The Agency is a CBS television show that followed the inner workings of the United States Central Intelligence Agency. The series was created by Michael Frost Beckner and was executive produced by Michael Frost Beckner, Shaun Cassidy Productions and Radiant Productions in association with Universal Network Television and CBS Productions. It aired from September 27, 2001, until May 17, 2003, lasting two seasons. It featured unprecedented filming from the actual CIA headquarters.

== Series overview ==

| Season | Episodes |  | Originally released |  |
| First released | Last released |
| 1 | 22 |  | September 27, 2001 | May 9, 2002 |
| 2 | 22 |  | September 28, 2002 | May 17, 2003 |

== Episodes ==
=== Season 1 (2001–02) ===

| No. overall | No. in season | Title | Directed by | Written by | Original release date | Prod. code | Viewers (millions) |
| 1 | 1 | "Viva Fidel!" | Alex Zakrzewski | James Bannon | September 27, 2001 | 105 | 11.98 |
After unearthing a secret plot by Castro's own men to assassinate him, the agents rush to thwart the plan in order to prevent the U.S. from being framed for his murder.
| 2 | 2 | "God's Work" | Robert Berlinger | Mason Alley | October 4, 2001 | 104 | 8.95 |
When the CIA misidentifies a missionary plane in Colombian drug-trafficking airspace and the Colombians shoot it down, Director Pierce (Ronny Cox) must try to clean up the mess, while the former CIA director tempts Carl to betray Pierce. Meanwhile, Matt (Gil Bellows) and Lisa (Gloria Reuben) must contend with a dead body when a foreign agent dies while attempting to sell the CIA classified information.
| 3 | 3 | "The Year of Lying Dangerously" | Nick Gomez | Melissa Rosenberg | October 18, 2001 | 102 | 9.06 |
The local governor plans a political coup after some American miners are taken hostage in Indonesia.
| 4 | 4 | "In Our Own Backyard" | David Platt | Ed Zuckerman | October 25, 2001 | 106 | 10.30 |
The CIA and the FBI learn a New Jersey man who was murdered was a former Russian spy (sleeper agent) with a suitcase nuke hidden underground in his backyard fallout shelter for more than a decade. Also, Terri's ex husband hires a detective to gather information on her for their divorce.

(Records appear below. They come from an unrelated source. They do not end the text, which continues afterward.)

definition complex_hilbert_space ::
  "(complex \<Rightarrow> 'h::ab_group_add \<Rightarrow> 'h) \<Rightarrow> ('h \<Rightarrow> 'h \<Rightarrow> complex) \<Rightarrow> bool" where
  "complex_hilbert_space sc ip \<longleftrightarrow>
     (\<forall>a x y. sc a (x + y) = sc a x + sc a y) \<and>
     (\<forall>a b x. sc (a + b) x = sc a x + sc b x) \<and>
     (\<forall>a b x. sc a (sc b x) = sc (a * b) x) \<and>
     (\<forall>x. sc 1 x = x) \<and>
     (\<forall>x y z. ip (x + y) z = ip x z + ip y z) \<and>
     (\<forall>a x y. ip (sc a x) y = a * ip x y) \<and>
     (\<forall>x y. ip y x = cnj (ip x y)) \<and>
     (\<forall>x. Im (ip x x) = 0 \<and> Re (ip x x) \<ge> 0) \<and>
     (\<forall>x. ip x x = 0 \<longrightarrow> x = 0) \<and>
     (\<forall>X :: nat \<Rightarrow> 'h.
        (\<forall>e>0. \<exists>N. \<forall>m\<ge>N. \<forall>k\<ge>N. hnorm ip (X m - X k) < e) \<longrightarrow>
        (\<exists>L. \<forall>e>0. \<exists>N. \<forall>m\<ge>N. hnorm ip (X m - L) < e))"

definition bounded_op ::
  "(complex \<Rightarrow> 'h::ab_group_add \<Rightarrow> 'h) \<Rightarrow> ('h \<Rightarrow> 'h \<Rightarrow> complex) \<Rightarrow> ('h \<Rightarrow> 'h) \<Rightarrow> bool" where
  "bounded_op sc ip T \<longleftrightarrow>
     (\<forall>x y. T (x + y) = T x + T y) \<and>
     (\<forall>a x. T (sc a x) = sc a (T x)) \<and>
     (\<exists>K. \<forall>x. hnorm ip (T x) \<le> K * hnorm ip x)"

definition is_adjoint :: "('h \<Rightarrow> 'h \<Rightarrow> complex) \<Rightarrow> ('h \<Rightarrow> 'h) \<Rightarrow> ('h \<Rightarrow> 'h) \<Rightarrow> bool" where
  "is_adjoint ip T S \<longleftrightarrow> (\<forall>x y. ip (T x) y = ip x (S y))"

definition linear_into_BH ::
  "(complex \<Rightarrow> 'h::ab_group_add \<Rightarrow> 'h) \<Rightarrow> ('h \<Rightarrow> 'h \<Rightarrow> complex) \<Rightarrow> nat \<Rightarrow>
   (complex mat \<Rightarrow> 'h \<Rightarrow> 'h) \<Rightarrow> bool" where
  "linear_into_BH sc ip n \<phi> \<longleftrightarrow>
     (\<forall>A \<in> carrier_mat n n. bounded_op sc ip (\<phi> A)) \<and>
     (\<forall>A \<in> carrier_mat n n. \<forall>B \<in> carrier_mat n n. \<forall>x. \<phi> (A + B) x = \<phi> A x + \<phi> B x) \<and>
     (\<forall>A \<in> carrier_mat n n. \<forall>c x. \<phi> (c \<cdot>\<^sub>m A) x = sc c (\<phi> A x))"

definition mat_representation ::
  "(complex \<Rightarrow> 'h::ab_group_add \<Rightarrow> 'h) \<Rightarrow> ('h \<Rightarrow> 'h \<Rightarrow> complex) \<Rightarrow> nat \<Rightarrow>
   (complex mat \<Rightarrow> 'h \<Rightarrow> 'h) \<Rightarrow> bool" where
  "mat_representation sc ip n \<pi> \<longleftrightarrow>
     linear_into_BH sc ip n \<pi> \<and>
     (\<forall>A \<in> carrier_mat n n. \<forall>B \<in> carrier_mat n n. \<pi> (A * B) = \<pi> A \<circ> \<pi> B) \<and>
     (\<forall>A \<in> carrier_mat n n. is_adjoint ip (\<pi> A) (\<pi> (mat_adjoint A))) \<and>
     \<pi> (1\<^sub>m n) = id"

definition psd_mat :: "complex mat \<Rightarrow> bool" where
  "psd_mat M \<longleftrightarrow> M \<in> carrier_mat (dim_row M) (dim_row M) \<and>
     (\<forall>v \<in> carrier_vec (dim_row M).
        Im ((M *\<^sub>v v) \<bullet>c v) = 0 \<and> Re ((M *\<^sub>v v) \<bullet>c v) \<ge> 0)"

text \<open>The k\<times>k block matrix with n\<times>n blocks B i j, as an element of M_{kn}(C) = M_k(M_n(C)).\<close>

definition block_mat :: "nat \<Rightarrow> nat \<Rightarrow> (nat \<Rightarrow> nat \<Rightarrow> complex mat) \<Rightarrow> complex mat" where
  "block_mat k n B = mat (k * n) (k * n) (\<lambda>(i, j). B (i div n) (j div n) $$ (i mod n, j mod n))"

text \<open>Complete positivity of \<phi> : M_n(C) \<rightarrow> B(H): for every k, the amplification
  \<phi>_k : M_k(M_n(C)) \<rightarrow> M_k(B(H)) = B(H^k) maps positive elements to positive operators,
  i.e. <\<phi>_k(B)\<xi>,\<xi>> = \<Sum>_{i,j} <\<phi>(B_ij) \<xi>_j, \<xi>_i> \<ge> 0.\<close>

definition completely_positive ::
  "(complex \<Rightarrow> 'h::ab_group_add \<Rightarrow> 'h) \<Rightarrow> ('h \<Rightarrow> 'h \<Rightarrow> complex) \<Rightarrow> nat \<Rightarrow>
   (complex mat \<Rightarrow> 'h \<Rightarrow> 'h) \<Rightarrow> bool" where
  "completely_positive sc ip n \<phi> \<longleftrightarrow>
     (\<forall>k. \<forall>B :: nat \<Rightarrow> nat \<Rightarrow> complex mat.
        (\<forall>i<k. \<forall>j<k. B i j \<in> carrier_mat n n) \<longrightarrow> psd_mat (block_mat k n B) \<longrightarrow>
        (\<forall>\<xi> :: nat \<Rightarrow> 'h.
           Im (\<Sum>i<k. \<Sum>j<k. ip (\<phi> (B i j) (\<xi> j)) (\<xi> i)) = 0 \<and>
           Re (\<Sum>i<k. \<Sum>j<k. ip (\<phi> (B i j) (\<xi> j)) (\<xi> i)) \<ge> 0))"

definition toeplitz_system :: "nat \<Rightarrow> complex mat set" where
  "toeplitz_system n = {A \<in> carrier_mat n n.
     \<forall>i j k l. i < n \<longrightarrow> j < n \<longrightarrow> k < n \<longrightarrow> l < n \<longrightarrow>
       int i - int j = int k - int l \<longrightarrow> A $$ (i, j) = A $$ (k, l)}"

text \<open>Unique extension property of \<pi>|_R for a representation \<pi> of M_n(C) on H:
  every completely positive linear map \<psi> : M_n(C) \<rightarrow> B(H) agreeing with \<pi> on R equals \<pi>.
  Hyperrigidity of R in M_n(C) = this holds for every Hilbert space H and every \<pi>
  (universal quantification over the type 'h in the theorem).\<close>

definition unique_extension_property ::
  "(complex \<Rightarrow> 'h::ab_group_add \<Rightarrow> 'h) \<Rightarrow> ('h \<Rightarrow> 'h \<Rightarrow> complex) \<Rightarrow> nat \<Rightarrow>
   complex mat set \<Rightarrow> (complex mat \<Rightarrow> 'h \<Rightarrow> 'h) \<Rightarrow> bool" where
  "unique_extension_property sc ip n R \<pi> \<longleftrightarrow>
     (\<forall>\<psi>. linear_into_BH sc ip n \<psi> \<longrightarrow> completely_positive sc ip n \<psi> \<longrightarrow>
        (\<forall>A \<in> R. \<psi> A = \<pi> A) \<longrightarrow> (\<forall>A \<in> carrier_mat n n. \<psi> A = \<pi> A))"

end

theory Submission
  imports Defs
begin

(* Let \<psi> be unital completely positive and equal to \<pi> on the Toeplitz matrices.
   Positivity of the block matrix [[A\<^sup>*A, A\<^sup>*], [A, 1]] gives the Schwarz inequality
   \<pi>(A\<^sup>*A) \<le> \<psi>(A\<^sup>*A) whenever \<psi> = \<pi> at A and A\<^sup>*. For the shifts S_k, the products
   S_k\<^sup>*S_k and S_k S_k\<^sup>* are the coordinate projections onto initial and final segments of
   {0..n-1}, so on every such segment the quadratic forms of the \<pi>(E_mm) sum to at most those of
   the \<psi>(E_mm); as \<psi>(1) = \<pi>(1), the forms of \<psi>(E_jj) and \<pi>(E_jj) coincide. Then \<psi>(E_ij) is
   compressed by the projections \<pi>(E_ii) and \<pi>(E_jj), so \<psi>(E_ij) = \<pi>(E_ii) \<psi>(T) \<pi>(E_jj) for the
   Toeplitz matrix T with ones on the diagonal through (i, j). The same holds for \<pi>, hence
   \<psi>(E_ij) = \<pi>(E_ij), and \<psi> = \<pi> by linearity. *)

section \<open>Adjoints and positive block matrices\<close>

lemma dim_row_mat_adjoint [simp]: "dim_row (mat_adjoint A) = dim_col A"
  and dim_col_mat_adjoint [simp]: "dim_col (mat_adjoint A) = dim_row A"
  by (simp_all add: mat_adjoint_def)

| 5 | 5 | "Pilot" | Mikael Salomon | Michael Frost Beckner | November 1, 2001 | 100 | 9.42 |
When an agent dies in the line of duty, the CIA learns of an impending terrorist attack somewhere in Europe. Matt tries to convince a Syrian diplomat to divulge information about the location of the attack, but he'll only cooperate if his family is brought safely to the U.S. Note: This episode was written in March 2001 and filmed as the series premiere once CBS picked up the show for the 2001-02 season; it was moved further down into the Season 1 order so that it had distance from the 9/11 attacks.

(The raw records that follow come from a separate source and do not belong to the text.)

section \<open>Tableaux on shapes\<close>

text \<open>The notions of \<open>Defs\<close>, for an arbitrary set of cells in place of a diagram.\<close>


definition ssyt :: "(nat \<times> nat) set \<Rightarrow> (nat \<times> nat \<Rightarrow> nat) \<Rightarrow> bool" where
  "ssyt D T \<longleftrightarrow>
     (\<forall>c. c \<notin> D \<longrightarrow> T c = 0) \<and>
     (\<forall>c\<in>D. 0 < T c) \<and>
     (\<forall>i i' j. (i, j) \<in> D \<longrightarrow> (i', j) \<in> D \<longrightarrow> i \<le> i' \<longrightarrow> T (i, j) \<le> T (i', j)) \<and>
     (\<forall>i j j'. (i, j) \<in> D \<longrightarrow> (i, j') \<in> D \<longrightarrow> j < j' \<longrightarrow> T (i, j) < T (i, j'))"

definition leftmost_column :: "(nat \<times> nat) set \<Rightarrow> (nat \<times> nat \<Rightarrow> nat) \<Rightarrow> nat \<Rightarrow> nat" where
  "leftmost_column D T k = Min {i. \<exists>j. (i, j) \<in> D \<and> T (i, j) = k}"

definition quasi_yamanouchi_on :: "(nat \<times> nat) set \<Rightarrow> (nat \<times> nat \<Rightarrow> nat) \<Rightarrow> bool" where
  "quasi_yamanouchi_on D T \<longleftrightarrow> ssyt D T \<and>
     (\<forall>k\<in>T ` D. 1 < k \<longrightarrow>
        (\<exists>(i', j')\<in>D. T (i', j') = k - 1 \<and> leftmost_column D T k \<le> i'))"

definition QYT :: "(nat \<times> nat) set \<Rightarrow> int \<Rightarrow> (nat \<times> nat \<Rightarrow> nat) set" where
  "QYT D m = {T. quasi_yamanouchi_on D T \<and>
      (\<exists>c\<in>D. int (T c) = m) \<and> (\<forall>c\<in>D. int (T c) \<le> m)}"

lemma QYT_eq_eq_QYT_diagram: "QYT_eq m lam = QYT (diagram lam) m"
  unfolding QYT_eq_def QYT_def quasi_yamanouchi_def quasi_yamanouchi_on_def
    is_SSYT_def ssyt_def leftmost_col_def leftmost_column_def
  by simp

lemma leftmost_column_le:
  assumes "finite D" "(i, j) \<in> D" "T (i, j) = k"
  shows "leftmost_column D T k \<le> i"
proof -
  have "{i. \<exists>j. (i, j) \<in> D \<and> T (i, j) = k} \<subseteq> fst ` D" by force
  then have "finite {i. \<exists>j. (i, j) \<in> D \<and> T (i, j) = k}"
    using assms(1) by (rule finite_subset[OF _ finite_imageI])
  then show ?thesis
    unfolding leftmost_column_def using assms(2,3) by (intro Min_le) auto
qed

lemma le_leftmost_column:
  assumes "finite D" "(i, j) \<in> D" "T (i, j) = k"
    and "\<And>i' j'. (i', j') \<in> D \<Longrightarrow> T (i', j') = k \<Longrightarrow> a \<le> i'"
  shows "a \<le> leftmost_column D T k"
proof -
  have "{i. \<exists>j. (i, j) \<in> D \<and> T (i, j) = k} \<subseteq> fst ` D" by force
  then have "finite {i. \<exists>j. (i, j) \<in> D \<and> T (i, j) = k}"
    using assms(1) by (rule finite_subset[OF _ finite_imageI])
  then show ?thesis
    unfolding leftmost_column_def using assms(2-4) by (intro Min.boundedI) auto
qed

lemma ssytI:
  assumes "\<And>c. c \<notin> D \<Longrightarrow> T c = 0" and "\<And>c. c \<in> D \<Longrightarrow> 0 < T c"
    and "\<And>i i' j. (i, j) \<in> D \<Longrightarrow> (i', j) \<in> D \<Longrightarrow> i \<le> i' \<Longrightarrow> T (i, j) \<le> T (i', j)"
    and "\<And>i j j'. (i, j) \<in> D \<Longrightarrow> (i, j') \<in> D \<Longrightarrow> j < j' \<Longrightarrow> T (i, j) < T (i, j')"
  shows "ssyt D T"
  using assms unfolding ssyt_def by blast

definition syt :: "(nat \<times> nat) set \<Rightarrow> (nat \<times> nat \<Rightarrow> nat) \<Rightarrow> bool" where
  "syt D S \<longleftrightarrow> ssyt D S \<and> S ` D = {1..card D}"

definition cell_of :: "(nat \<times> nat) set \<Rightarrow> (nat \<times> nat \<Rightarrow> nat) \<Rightarrow> nat \<Rightarrow> nat \<times> nat" where
  "cell_of D S v = inv_into D S v"

text \<open>For standard tableaux, \<open>d + 1\<close> weakly left of \<open>d\<close> is equivalent to the usual
  \<open>d + 1\<close> strictly above \<open>d\<close> (\<open>descent_iff_row_less\<close>), but matches the
  quasi-Yamanouchi condition directly.\<close>

definition descents :: "(nat \<times> nat) set \<Rightarrow> (nat \<times> nat \<Rightarrow> nat) \<Rightarrow> nat set" where
  "descents D S = {d. 1 \<le> d \<and> d < card D \<and> fst (cell_of D S (Suc d)) \<le> fst (cell_of D S d)}"

section \<open>Standardization and destandardization\<close>

definition rank :: "('a \<Rightarrow> 'b::linorder) \<Rightarrow> 'a set \<Rightarrow> 'a \<Rightarrow> nat" where
  "rank f A x = card {z \<in> A. f z \<le> f x}"

lemma rank_less_rank:
  assumes "finite A" "x \<in> A" "y \<in> A" "f x < f y"
  shows "rank f A x < rank f A y"
  unfolding rank_def
proof (rule psubset_card_mono)
  have "y \<notin> {z \<in> A. f z \<le> f x}" "y \<in> {z \<in> A. f z \<le> f y}"
    using assms by auto
  then show "{z \<in> A. f z \<le> f x} \<subset> {z \<in> A. f z \<le> f y}"
    using assms by auto
qed (use assms in simp)

lemma rank_le_rank_iff:
  assumes "finite A" "x \<in> A" "y \<in> A"
  shows "rank f A x \<le> rank f A y \<longleftrightarrow> f x \<le> f y"
proof
  show "f x \<le> f y \<Longrightarrow> rank f A x \<le> rank f A y"
    unfolding rank_def using assms by (intro card_mono) auto
  show "rank f A x \<le> rank f A y \<Longrightarrow> f x \<le> f y"
    using rank_less_rank[OF assms(1,3,2), of f] by (meson not_le)
qed

lemma rank_less_rank_iff:
  assumes "finite A" "x \<in> A" "y \<in> A"
  shows "rank f A x < rank f A y \<longleftrightarrow> f x < f y"
  using rank_le_rank_iff[OF assms(1,3,2)] by (simp add: not_le[symmetric])

lemma bij_betw_rank:
  assumes "finite A" "inj_on f A"
  shows "bij_betw (rank f A) A {1..card A}"
proof -
  have inj: "inj_on (rank f A) A"
  proof (rule inj_onI)
    fix x y assume "x \<in> A" "y \<in> A" "rank f A x = rank f A y"
    then have "f x = f y"
      using rank_le_rank_iff[OF assms(1), of x y f] rank_le_rank_iff[OF assms(1), of y x f] by simp
    then show "x = y" using assms(2) \<open>x \<in> A\<close> \<open>y \<in> A\<close> by (simp add: inj_on_eq_iff)
  qed
  moreover have "rank f A ` A \<subseteq> {1..card A}"
    using assms(1) by (auto simp: rank_def Suc_le_eq card_gt_0_iff intro: card_mono)
  moreover have "card (rank f A ` A) = card {1..card A}"
    using inj by (simp add: card_image)
  ultimately show ?thesis
    by (simp add: bij_betw_def card_subset_eq)
qed

definition destandardize :: "(nat \<times> nat) set \<Rightarrow> (nat \<times> nat \<Rightarrow> nat) \<Rightarrow> nat \<times> nat \<Rightarrow> nat" where
  "destandardize D S c = (if c \<in> D then Suc (card {d \<in> descents D S. d < S c}) else 0)"

definition std_key :: "(nat \<times> nat \<Rightarrow> nat) \<Rightarrow> nat \<times> nat \<Rightarrow> nat \<times> nat" where
  "std_key T c = (T c, fst c)"

definition standardize :: "(nat \<times> nat) set \<Rightarrow> (nat \<times> nat \<Rightarrow> nat) \<Rightarrow> nat \<times> nat \<Rightarrow> nat" where
  "standardize D T c = (if c \<in> D then rank (std_key T) D c else 0)"

locale standard_tableau = young_shape +
  fixes S :: "nat \<times> nat \<Rightarrow> nat"
  assumes syt: "syt D S"

lemma (in young_shape) standard_tableauI: "syt D S \<Longrightarrow> standard_tableau D S"
  by (simp add: standard_tableau_def standard_tableau_axioms_def young_shape_axioms)

context standard_tableau
begin

lemma image_S: "S ` D = {1..card D}"
  using syt by (simp add: syt_def)

lemma inj_on_S: "inj_on S D"
  using image_S finite_shape by (intro eq_card_imp_inj_on) simp_all

lemma S_range: "c \<in> D \<Longrightarrow> 1 \<le> S c \<and> S c \<le> card D"
  using image_S by auto

lemma S_outside: "c \<notin> D \<Longrightarrow> S c = 0"
  using syt unfolding syt_def ssyt_def by blast

lemma S_row_le: "(i, j) \<in> D \<Longrightarrow> (i', j) \<in> D \<Longrightarrow> i \<le> i' \<Longrightarrow> S (i, j) \<le> S (i', j)"
  using syt by (simp add: syt_def ssyt_def)

lemma S_col_less: "(i, j) \<in> D \<Longrightarrow> (i, j') \<in> D \<Longrightarrow> j < j' \<Longrightarrow> S (i, j) < S (i, j')"
  using syt by (simp add: syt_def ssyt_def)

lemma S_row_less: "(i, j) \<in> D \<Longrightarrow> (i', j) \<in> D \<Longrightarrow> i < i' \<Longrightarrow> S (i, j) < S (i', j)"
proof -
  assume "(i, j) \<in> D" "(i', j) \<in> D" "i < i'"
  then have "S (i, j) \<noteq> S (i', j)"
    using inj_on_S by (auto simp: inj_on_eq_iff)
  with S_row_le[OF \<open>(i, j) \<in> D\<close> \<open>(i', j) \<in> D\<close>] \<open>i < i'\<close> show ?thesis by simp
qed

lemma cell_of_mem: "1 \<le> v \<Longrightarrow> v \<le> card D \<Longrightarrow> cell_of D S v \<in> D"
  using image_S by (auto simp: cell_of_def intro: inv_into_into)

lemma S_cell_of: "1 \<le> v \<Longrightarrow> v \<le> card D \<Longrightarrow> S (cell_of D S v) = v"
  using image_S by (auto simp: cell_of_def intro: f_inv_into_f)

lemma cell_of_S: "c \<in> D \<Longrightarrow> cell_of D S (S c) = c"
  using inj_on_S by (simp add: cell_of_def)

lemma rank_S: "c \<in> D \<Longrightarrow> rank S D c = S c"
proof -
  assume "c \<in> D"
  have "S ` {c' \<in> D. S c' \<le> S c} = {1..S c}"
  proof
    show "S ` {c' \<in> D. S c' \<le> S c} \<subseteq> {1..S c}"
      using S_range by auto
    show "{1..S c} \<subseteq> S ` {c' \<in> D. S c' \<le> S c}"
    proof
      fix v assume "v \<in> {1..S c}"
      moreover from this have "v \<in> S ` D"
        using image_S S_range[OF \<open>c \<in> D\<close>] by auto
      ultimately show "v \<in> S ` {c' \<in> D. S c' \<le> S c}" by auto
    qed
  qed
  moreover have "inj_on S {c' \<in> D. S c' \<le> S c}"
    using inj_on_S by (rule inj_on_subset) auto
  ultimately show ?thesis
    unfolding rank_def by (metis card_atLeastAtMost card_image diff_Suc_1)
qed

lemma descents_subset: "descents D S \<subseteq> {1..<card D}"
  by (auto simp: descents_def)

lemma finite_descents: "finite (descents D S)"
  using descents_subset by (rule finite_subset) simp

| 6 | 6 | "Anthrax" | Randy Zisk | Doug Palau | November 8, 2001 | 103 | 11.17 |
A terrorist uses anthrax as a biological weapon to murder two Belgian kennel owners and more than 20 dogs, which leads Matt to suspect the killer will strike again on a larger scale.
| 7 | 7 | "Closure" | Nick Gomez | Ed Zuckerman | November 15, 2001 | 107 | 11.43 |
In an effort to learn the truth about his brother's mysterious death, Matt begins piecing together clues and finally forces his superiors to tell him the truth. As Matt begins to gather information about his brother Eric's final mission abroad, he poses painful questions about the mysterious death to his parents and finally forces Jackson Haisley (Will Patton), Carl Reese (Rocky Carroll) and Director Pierce to explain the circumstances so he can get Eric's body back for a proper burial. Meanwhile, Jackson, Terri and Joshua are working to entrap an Indian Intelligence Bureau double-agent working for his own country against the CIA to acquire a submarine capable of launching nuclear weapons.

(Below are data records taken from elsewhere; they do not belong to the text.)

text \<open>Write \<open>P\<^sub>m(x) = (m - 2) tri x + x\<close> with \<open>tri x = x (x - 1) / 2\<close>. The form with
  coefficients \<open>1, 2, \<dots>, 2\<^sup>k\<close> then takes the value \<open>(m - 2) q + L\<close> for
  \<open>q = \<Sum> 2\<^sup>i tri x\<^sub>i\<close> and \<open>L = \<Sum> 2\<^sup>i x\<^sub>i\<close>. Splitting off \<open>x\<^sub>0\<close> halves both
  \<open>q - tri x\<^sub>0\<close> and \<open>L - x\<^sub>0\<close>, so by induction on \<open>k\<close> (started by a finite computation
  at \<open>k = 4\<close>) every pair in the window \<open>0 \<le> q \<le> W\<close>, \<open>-q \<le> L \<le> W + q\<close> with
  \<open>W = 2 ^ (k + 1) - 1\<close> is attained, apart from a few explicit exceptions near its ends.
  Larger \<open>q \<le> C\<close> are reached by giving \<open>x\<^sub>0\<close> a large triangular number; the bound on \<open>m\<close>
  ensures that this shrinks the range of attainable \<open>L\<close> by less than \<open>(m - 2) / 2\<close> at
  each end. Writing \<open>N = (m - 2) Q + r\<close>,
  each \<open>N \<le> C (m - 2)\<close> is then attained with \<open>L = r\<close> or \<open>L = r + m - 2\<close>, and the
  defining property of \<open>C\<close> gives universality.\<close>

definition tri :: "int \<Rightarrow> int" where
  "tri x = x * (x - 1) div 2"

lemma two_tri: "2 * tri x = x * (x - 1)"
proof -
  have "even (x * (x - 1))" by auto
  then show ?thesis unfolding tri_def by simp
qed

lemma tri_add_one: "tri (x + 1) = tri x + x"
  using two_tri[of x] two_tri[of "x + 1"] by (simp add: algebra_simps)

lemma tri_one_minus: "tri (1 - x) = tri x"
  unfolding tri_def by (simp add: algebra_simps)

lemma tri_uminus: "tri (- x) = tri (x + 1)"
  using two_tri[of "- x"] two_tri[of "x + 1"] by (simp add: algebra_simps)

lemma tri_nonneg: "0 \<le> tri x"
proof -
  have "0 \<le> x * (x - 1)"
    by (cases "1 \<le> x") (auto intro: mult_nonneg_nonneg mult_nonpos_nonpos)
  then show ?thesis using two_tri[of x] by simp
qed

lemma tri_mono:
  assumes "0 \<le> a" "a \<le> b"
  shows "tri (a + 1) \<le> tri (b + 1)"
proof -
  have "(a + 1) * a \<le> (b + 1) * b" using assms by (intro mult_mono) auto
  then show ?thesis using two_tri[of "a + 1"] two_tri[of "b + 1"] by simp
qed
lemma direct_sum_decomposition_unique:
  assumes M: "rmodule M" and S: "submodule M S" and T: "submodule M T"
    and ST: "S \<inter> T = {zero M}"
    and s: "s \<in> S" "s' \<in> S" and t: "t \<in> T" "t' \<in> T" and eq: "add M s t = add M s' t'"
  shows "s = s'" and "t = t'"
proof -
  have C: "s \<in> carrier M" "s' \<in> carrier M" "t \<in> carrier M" "t' \<in> carrier M"
    using s t submoduleD(1)[OF S] submoduleD(1)[OF T] by auto
  define w where "w = add M t' (smul M t (-1))"
  have wC: "w \<in> carrier M"
    unfolding w_def using C by (simp add: rmodule_add_closed[OF M] rmodule_smul_closed[OF M])
  have "s = add M (add M s' t') (smul M t (-1))"
    using rmodule_add_neg_cancel_right[OF M C(1,3)] eq by simp
  also have "\<dots> = add M s' w"
    unfolding w_def using C by (simp add: rmodule_add_assoc[OF M] rmodule_smul_closed[OF M])
  finally have s_eq: "s = add M s' w" .
  have "w = add M (smul M s' (-1)) s"
    using s_eq rmodule_neg_add_cancel[OF M C(2) wC] by simp
  also have "\<dots> = add M s (smul M s' (-1))"
    using C by (simp add: rmodule_add_commute[OF M] rmodule_smul_closed[OF M])
  finally have "w \<in> S" using s by (simp add: submoduleD(3,4)[OF S])
  moreover have "w \<in> T" unfolding w_def using t by (intro submoduleD(3,4)[OF T])
  ultimately have "w = zero M" using ST by auto
  then show "s = s'" using s_eq C rmodule_add_zero_right[OF M] by simp
  then show "t = t'" using eq C rmodule_add_left_cancel[OF M] by blast
qed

| 8 | 8 | "Nocturne" | Kenneth Fink | Michael Frost Beckner & Melissa Rosenberg | November 29, 2001 | 108 | 10.28 |
The CIA conducts an internal investigation when it suspects Jackson of leaking sensitive information. In order to test Jackson's loyalty to the CIA, Matt and Carl secretly recruit the Persian cellist with whom he is romantically involved to gain information about a terrorist threat at the Yemeni embassy. Meanwhile, Terri must forge a 50-year-old document implicating the CIA in illegal activity involving the Dalai Lama that would prove calamitous for present-day Tibet should it fall into Chinese possession.
| 9 | 9 | "Rules of the Game" | Nick Gomez | Ed Zuckerman | December 6, 2001 | 109 | 10.87 |
When the National Security Agency (NSA) learns of a plot to assassinate the King of Saudi Arabia, Matt and Lisa help track down those involved only to discover that there is a larger terrorist plot in the works. Soon after Matt and Lisa catch the would-be assassins, Israeli intelligence informs the CIA that one of the incarcerated terrorists is their own agent on an undercover mission and requests his safe return. Once Matt arranges this, the Agency discovers that Israeli intelligence has deceived them and the man they released is a link to a terrorist they had been pursuing for years.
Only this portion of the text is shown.